** Goal of the exercise **
Reproduce precisely the lines of the listing below, starting with the line that contains "n (Add (Scal" and stopping after the line that contains "weq n (esum"; include nothing else.

** Material for the task **
(* For any $\ell\ge1$ and $a_1,\dots,a_\ell\in\{1,\dots,n\}$, the following equality holds in the reduction algebra $N/I$: $$P(x^{a_1}+I)\,P(x^{a_2}+I)\cdots P(x^{a_\ell}+I)=P(x^{a_1}x^{a_2}\cdots x^{a_\ell}+I).$$
   Context: $W_\eta(2n)$ is the unital associative $\mathbb{C}$-algebra generated by $x^a,\partial_a$ ($a=1,\dots,n$) and central elements $\eta_{ab},\eta^{ab}$ subject to $x^ax^b=x^bx^a$, $\partial_a\partial_b=\partial_b\partial_a$, $\partial_ax^b-x^b\partial_a=\delta_a^b$, $\eta_{ab}=\eta_{ba}$, $\sum_b\eta_{ab}\eta^{bc}=\delta_a^c$. Repeated upper/lower indices are summed; $x_a=\eta_{ab}x^b$, $\partial^a=\eta^{ab}\partial_b$; $E=\frac i2\partial_a\partial^a$, $F=\frac i2x_ax^a$, $H=-\frac12(x^a\partial_a+\partial_ax^a)$. $A$ is the localization of $W_\eta(2n)$ at the nonzero polynomials in $H$, $I=AE$ is the left ideal generated by $E$, $N=\{m\in A: Im\subset I\}$ its normalizer, and $N/I$ is the reduction algebra with product $(m+I)(m'+I)=mm'+I$. The extremal projector acts on $A/I$ by $P(w+I)=\sum_{k\ge0}\frac{(-1)^k}{k!}f_k(H)F^k(\operatorname{ad}E)^k(w)+I$, where $(\operatorname{ad}E)(y)=Ey-yE$, $f_0=1$ and $f_k(H)=\big((H+2)(H+3)\cdots(H+k+1)\big)^{-1}$; it is known that $P(w+I)\in N/I$ for all $w\in A$, that $P$ is the identity on $N/I$, and that $P(Fy+I)=0$ for all $y\in A$. *)

theory Defs
  imports Complex_Main "HOL-Computational_Algebra.Polynomial"
begin

text \<open>Generators of the localized algebra A: x^a, d_a, eta_ab, eta^ab (indices in 1..n),
  and a formal inverse Inv p of p(H) for every polynomial p (Inv 0 is killed).\<close>
datatype gen = X nat | D nat | Eta nat nat | EtaU nat nat | Inv "complex poly"

datatype expr = Gen gen | Scal complex | Add expr expr | Mul expr expr

fun esum :: "(nat \<Rightarrow> expr) \<Rightarrow> nat list \<Rightarrow> expr" where
  "esum f [] = Scal 0"
| "esum f (a # as) = Add (f a) (esum f as)"

fun eprod :: "expr list \<Rightarrow> expr" where
  "eprod [] = Scal 1"
| "eprod (e # es) = Mul e (eprod es)"

fun epow :: "expr \<Rightarrow> nat \<Rightarrow> expr" where
  "epow e 0 = Scal 1"
| "epow e (Suc k) = Mul e (epow e k)"

definition idx :: "nat \<Rightarrow> nat list" where
  "idx n = [1..<Suc n]"

definition esub :: "expr \<Rightarrow> expr \<Rightarrow> expr" where
  "esub a b = Add a (Mul (Scal (-1)) b)"

definition Eexpr :: "nat \<Rightarrow> expr" where
  "Eexpr n = Mul (Scal (\<i>/2)) (esum (\<lambda>a. esum (\<lambda>b.
      Mul (Gen (D a)) (Mul (Gen (EtaU a b)) (Gen (D b)))) (idx n)) (idx n))"

definition Fexpr :: "nat \<Rightarrow> expr" where
  "Fexpr n = Mul (Scal (\<i>/2)) (esum (\<lambda>a. esum (\<lambda>b.
      Mul (Mul (Gen (Eta a b)) (Gen (X b))) (Gen (X a))) (idx n)) (idx n))"

definition Hexpr :: "nat \<Rightarrow> expr" where
  "Hexpr n = Mul (Scal (-1/2)) (esum (\<lambda>a.
      Add (Mul (Gen (X a)) (Gen (D a))) (Mul (Gen (D a)) (Gen (X a)))) (idx n))"

definition evalH :: "nat \<Rightarrow> complex poly \<Rightarrow> expr" where
  "evalH n p = esum (\<lambda>i. Mul (Scal (coeff p i)) (epow (Hexpr n) i)) [0..<Suc (degree p)]"

fun valid_gen :: "nat \<Rightarrow> gen \<Rightarrow> bool" where
  "valid_gen n (X a) = (a \<in> {1..n})"
| "valid_gen n (D a) = (a \<in> {1..n})"
| "valid_gen n (Eta a b) = (a \<in> {1..n} \<and> b \<in> {1..n})"
| "valid_gen n (EtaU a b) = (a \<in> {1..n} \<and> b \<in> {1..n})"
| "valid_gen n (Inv p) = (p \<noteq> 0)"

fun is_wgen :: "gen \<Rightarrow> bool" where
  "is_wgen (Inv p) = False"
| "is_wgen _ = True"

text \<open>The congruence presenting A = W_eta(2n) localized at nonzero polynomials in H,
  as the unital associative C-algebra freely generated by the generators modulo the
  defining relations of W_eta(2n) and the relations p(H) (p(H))^{-1} = (p(H))^{-1} p(H) = 1.\<close>
inductive weq :: "nat \<Rightarrow> expr \<Rightarrow> expr \<Rightarrow> bool" for n where
  refl: "weq n e e"
| sym: "weq n e f \<Longrightarrow> weq n f e"
| trans: "weq n e f \<Longrightarrow> weq n f g \<Longrightarrow> weq n e g"
| add_cong: "weq n a a' \<Longrightarrow> weq n b b' \<Longrightarrow> weq n (Add a b) (Add a' b')"
| mul_cong: "weq n a a' \<Longrightarrow> weq n b b' \<Longrightarrow> weq n (Mul a b) (Mul a' b')"
| add_assoc: "weq n (Add (Add a b) c) (Add a (Add b c))"
| add_comm: "weq n (Add a b) (Add b a)"
| add_zero: "weq n (Add a (Scal 0)) a"
| mul_assoc: "weq n (Mul (Mul a b) c) (Mul a (Mul b c))"
| mul_one_l: "weq n (Mul (Scal 1) a) a"
| mul_one_r: "weq n (Mul a (Scal 1)) a"
| mul_zero_l: "weq n (Mul (Scal 0) a) (Scal 0)"
| distl: "weq n (Mul a (Add b c)) (Add (Mul a b) (Mul a c))"
| distr: "weq n (Mul (Add a b) c) (Add (Mul a c) (Mul b c))"
| scal_add: "weq n (Add (Scal c) (Scal d)) (Scal (c + d))"
| scal_mul: "weq n (Mul (Scal c) (Scal d)) (Scal (c * d))"
| scal_comm: "weq n (Mul (Scal c) a) (Mul a (Scal c))"
| kill: "\<not> valid_gen n g \<Longrightarrow> weq n (Gen g) (Scal 0)"
| xx: "weq n (Mul (Gen (X a)) (Gen (X b))) (Mul (Gen (X b)) (Gen (X a)))"
| dd: "weq n (Mul (Gen (D a)) (Gen (D b))) (Mul (Gen (D b)) (Gen (D a)))"
| dx: "a \<in> {1..n} \<Longrightarrow> b \<in> {1..n} \<Longrightarrow>
       weq n (esub (Mul (Gen (D a)) (Gen (X b))) (Mul (Gen (X b)) (Gen (D a))))
             (Scal (if a = b then 1 else 0))"
| eta_central: "is_wgen g \<Longrightarrow> weq n (Mul (Gen (Eta a b)) (Gen g)) (Mul (Gen g) (Gen (Eta a b)))"
| etaU_central: "is_wgen g \<Longrightarrow> weq n (Mul (Gen (EtaU a b)) (Gen g)) (Mul (Gen g) (Gen (EtaU a b)))"
| eta_sym: "weq n (Gen (Eta a b)) (Gen (Eta b a))"
| eta_inv: "a \<in> {1..n} \<Longrightarrow> c \<in> {1..n} \<Longrightarrow>
       weq n (esum (\<lambda>b. Mul (Gen (Eta a b)) (Gen (EtaU b c))) (idx n))
             (Scal (if a = c then 1 else 0))"
| inv_l: "p \<noteq> 0 \<Longrightarrow> weq n (Mul (evalH n p) (Gen (Inv p))) (Scal 1)"
| inv_r: "p \<noteq> 0 \<Longrightarrow> weq n (Mul (Gen (Inv p)) (evalH n p)) (Scal 1)"

definition inI :: "nat \<Rightarrow> expr \<Rightarrow> bool" where
  "inI n m \<longleftrightarrow> (\<exists>y. weq n m (Mul y (Eexpr n)))"

definition adE :: "nat \<Rightarrow> expr \<Rightarrow> expr" where
  "adE n y = esub (Mul (Eexpr n) y) (Mul y (Eexpr n))"

text \<open>(H+2)(H+3)...(H+k+1) as a polynomial in H; f_k(H) is its inverse.\<close>
definition fpoly :: "nat \<Rightarrow> complex poly" where
  "fpoly k = (\<Prod>j\<in>{2..k+1}. [:of_nat j, 1:])"

definition Ptrunc :: "nat \<Rightarrow> nat \<Rightarrow> expr \<Rightarrow> expr" where
  "Ptrunc n K w = esum (\<lambda>k. Mul (Scal ((-1) ^ k / fact k))
       (Mul (Gen (Inv (fpoly k))) (Mul (epow (Fexpr n) k) ((adE n ^^ k) w)))) [0..<Suc K]"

** Expected answer **
| scal_add: "weq n (Add (Scal c) (Scal d)) (Scal (c + d))"
| scal_mul: "weq n (Mul (Scal c) (Scal d)) (Scal (c * d))"
| scal_comm: "weq n (Mul (Scal c) a) (Mul a (Scal c))"
| kill: "\<not> valid_gen n g \<Longrightarrow> weq n (Gen g) (Scal 0)"
| xx: "weq n (Mul (Gen (X a)) (Gen (X b))) (Mul (Gen (X b)) (Gen (X a)))"
| dd: "weq n (Mul (Gen (D a)) (Gen (D b))) (Mul (Gen (D b)) (Gen (D a)))"
| dx: "a \<in> {1..n} \<Longrightarrow> b \<in> {1..n} \<Longrightarrow>
       weq n (esub (Mul (Gen (D a)) (Gen (X b))) (Mul (Gen (X b)) (Gen (D a))))
             (Scal (if a = b then 1 else 0))"
| eta_central: "is_wgen g \<Longrightarrow> weq n (Mul (Gen (Eta a b)) (Gen g)) (Mul (Gen g) (Gen (Eta a b)))"
| etaU_central: "is_wgen g \<Longrightarrow> weq n (Mul (Gen (EtaU a b)) (Gen g)) (Mul (Gen g) (Gen (EtaU a b)))"
| eta_sym: "weq n (Gen (Eta a b)) (Gen (Eta b a))"
| eta_inv: "a \<in> {1..n} \<Longrightarrow> c \<in> {1..n} \<Longrightarrow>
       weq n (esum (\<lambda>b. Mul (Gen (Eta a b)) (Gen (EtaU b c))) (idx n))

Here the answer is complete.